The filesystem can be considered as having two parts -- the filesystem code and data in memory, and the filesystem on disk.

The filesystem on disk is self contained and has all the non-volatile data and metadata for your files. For most linux filesystems, this includes the inodes on disk along with other metadata and data for the files.

But when the filesystem is mounted, the filesystem code also keeps in memory a cached copy of the inodes of files being used. All file activity uses and updates this in memory copy of the inode, so the kernel code really only thinks about this in memory copy, and most kernel documentation doesn't distinguish between the on disk inode and the in memory inode. Also, the in memory inode contains additional ephemeral metadata (like where the cache pages for the file are in memory and which processes have the file open) that is not contained in the on disk copy of the inode. The in memory inode is periodically synchronized and written back to disk. The kernel does not have all the inodes in memory -- just the ones of files in use and files that recently were in use. Eventually inodes in memory get flushed and the memory is released. The inodes on disk are always there.

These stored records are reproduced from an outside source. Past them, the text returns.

text \<open>Let \<open>u, v\<close> be two orthonormal vectors and let \<open>W\<close> consist of \<open>u\<close>, \<open>v\<close> and all
  points of \<open>X\<close> orthogonal to both; for \<open>n \<ge> 3\<close> this set is uncountable and contains
  \<open>0\<close> (for \<open>X = \<real>\<^sup>n\<close>) and every standard basis vector, so only the identity fixes it
  pointwise. Precolour \<open>X - W\<close> entirely with one colour. The reflection in \<open>u\<^sup>\<bottom>\<close>
  moves only \<open>u\<close> among the points of \<open>W\<close>, so a distinguishing extension must give \<open>u\<close>
  the other colour, and likewise \<open>v\<close>; but then the reflection in \<open>(u - v)\<^sup>\<bottom>\<close>, which swaps
  \<open>u\<close> and \<open>v\<close> and fixes the rest of \<open>W\<close>, preserves the colouring. Since \<open>W\<close> is
  infinite, no finite threshold \<open>m\<close> works, i.e. \<open>ext_D = \<infinity>\<close>.\<close>

lemma coloring_preserved_if_image_eq:
  assumes "bij_betw g X X" "A \<subseteq> X" "g ` A = A"
    and "\<forall>x\<in>A. c (g x) = c x" and "\<forall>x\<in>X - A. \<forall>y\<in>X - A. c x = c y"
  shows "\<forall>x\<in>X. c (g x) = c x"
proof
  fix x assume x: "x \<in> X"
  show "c (g x) = c x"
  proof (cases "x \<in> A")
    case False
    have "g x \<notin> A"
      using inj_on_image_mem_iff[OF bij_betw_imp_inj_on[OF assms(1)] x assms(2)] False assms(3) by simp
    moreover have "g x \<in> X" using assms(1) x by (rule bij_betw_apply)
    ultimately show ?thesis using assms(5) x False by blast
  qed (use assms(4) in blast)
qed

lemma not_prop_P_if_two_movable_points:
  assumes G: "\<forall>g\<in>G. bij_betw g X X" and W: "W \<subseteq> X" "a \<in> W" "b \<in> W" "a \<noteq> b"
    and ga: "ga \<in> G" "\<forall>w\<in>W - {a}. ga w = w" "ga a \<noteq> a"
    and gb: "gb \<in> G" "\<forall>w\<in>W - {b}. gb w = w" "gb b \<noteq> b"
    and gc: "gc \<in> G" "\<forall>w\<in>W - {a, b}. gc w = w" "gc a = b" "gc b = a"
  shows "\<not> prop_P X G W"
proof
  assume "prop_P X G W"
  then have "\<exists>c. (\<forall>x\<in>X - W. c x = (\<lambda>_. True) x) \<and> distinguishing X G c"
    unfolding prop_P_def by (rule spec)
  then obtain c where c_outside: "\<forall>x\<in>X - W. c x" and "distinguishing X G c"
    by auto
  then have fixes_if_preserves: "g x = x" if "g \<in> G" "\<forall>x\<in>X. c (g x) = c x" "x \<in> X" for g x
    using that unfolding distinguishing_def by blast
  have not_c_if_only_moved: "\<not> c p" if "p \<in> W" "g \<in> G" "\<forall>w\<in>W - {p}. g w = w" "g p \<noteq> p" for p g
  proof
    assume "c p"
    have "\<forall>x\<in>X. c (g x) = c x"
    proof (rule coloring_preserved_if_image_eq)
      show "bij_betw g X X" using G \<open>g \<in> G\<close> by blast
      show "g ` (W - {p}) = W - {p}"
        using image_cong[OF refl, of "W - {p}" g "\<lambda>x. x"] that(3) by simp
      show "\<forall>x\<in>X - (W - {p}). \<forall>y\<in>X - (W - {p}). c x = c y"
        using c_outside \<open>c p\<close> by blast
    qed (use W that(3) in auto)
    then have "g p = p" by (rule fixes_if_preserves[OF that(2)]) (use W that(1) in blast)
    with that(4) show False by contradiction
  qed
  have "\<not> c a" by (rule not_c_if_only_moved[OF W(2) ga])
  have "\<not> c b" by (rule not_c_if_only_moved[OF W(3) gb])
  have "\<forall>x\<in>X. c (gc x) = c x"
  proof (rule coloring_preserved_if_image_eq)
    show "bij_betw gc X X" using G gc(1) by blast
    have "gc w \<in> W \<and> w \<in> gc ` W \<and> c (gc w) = c w" if "w \<in> W" for w
    proof -
      from that consider "w = a" | "w = b" | "w \<in> W - {a, b}" by blast
      then show ?thesis
      proof cases
        case 3
        then show ?thesis using gc(2) that by (simp add: rev_image_eqI)
      qed (use W gc(3,4) \<open>\<not> c a\<close> \<open>\<not> c b\<close> in \<open>auto intro: rev_image_eqI\<close>)
    qed
    then show "gc ` W = W" "\<forall>x\<in>W. c (gc x) = c x" by blast+
  qed (use W c_outside in auto)
  then have "gc a = a" by (rule fixes_if_preserves[OF gc(1)]) (use W in blast)
  with gc(3) W(4) show False by simp
qed

lemma ext_D_eq_infinity_if_not_prop_P:
  assumes "W \<subseteq> X" "infinite W" "trivial_pointwise_stab X G W" "\<not> prop_P X G W"
  shows "ext_D X G = \<infinity>"
proof -
  have "{m. \<forall>W. W \<subseteq> X \<and> ecard W \<ge> m \<and> trivial_pointwise_stab X G W \<longrightarrow> prop_P X G W} = {}"
    using assms by (auto simp: ecard_def)
  then show ?thesis unfolding ext_D_def by (metis Inf_empty top_enat_def)
qed

definition reflection :: "'a::real_inner \<Rightarrow> 'a \<Rightarrow> 'a" where
  "reflection v x = x - (2 * (x \<bullet> v) / (v \<bullet> v)) *\<^sub>R v"

lemma orthogonal_transformation_reflection: "orthogonal_transformation (reflection v)"
proof (cases "v = 0")
  case False
  have "linear (reflection v)"
    by (rule linearI) (simp_all add: reflection_def algebra_simps add_divide_distrib)
  moreover have "reflection v x \<bullet> reflection v y = x \<bullet> y" for x y
    using False by (simp add: reflection_def inner_diff_left inner_diff_right inner_commute field_simps)
  ultimately show ?thesis unfolding orthogonal_transformation_def by blast
next
  case True
  then have "reflection v = (\<lambda>x. x)" by (simp add: reflection_def fun_eq_iff)
  then show ?thesis by simp
qed

lemma reflection_fixes_orthogonal: "x \<bullet> v = 0 \<Longrightarrow> reflection v x = x"
  by (simp add: reflection_def)

lemma reflection_self: "reflection v v = - v"
  by (cases "v = 0") (simp_all add: reflection_def scaleR_2)

lemma reflection_self_neq:
  assumes "v \<noteq> 0"
  shows "reflection v v \<noteq> v"
  using assms by (metis reflection_self add.right_inverse scaleR_2 scaleR_eq_0_iff zero_neq_numeral)

lemma reflection_uminus: "reflection (- v) = reflection v"
  by (simp add: reflection_def fun_eq_iff)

Because file activity in unix is so tightly tied to inodes, filesystems (like vfat) that do not use inodes still have virtual inodes in kernel memory that the filesystem code constructs on the fly. These in memory virtual inodes still hold file metadata that is synchronized to the filesystem on disk as needed.

In a traditional unix filesystem, the inode is the key data structure for a file. The filename is just a pointer to the inode, and an inode can have multiple filenames linked to it. In other filesystems that don't use inodes, a file can typically only have one name and the metadata is tied to the filename rather than an inode.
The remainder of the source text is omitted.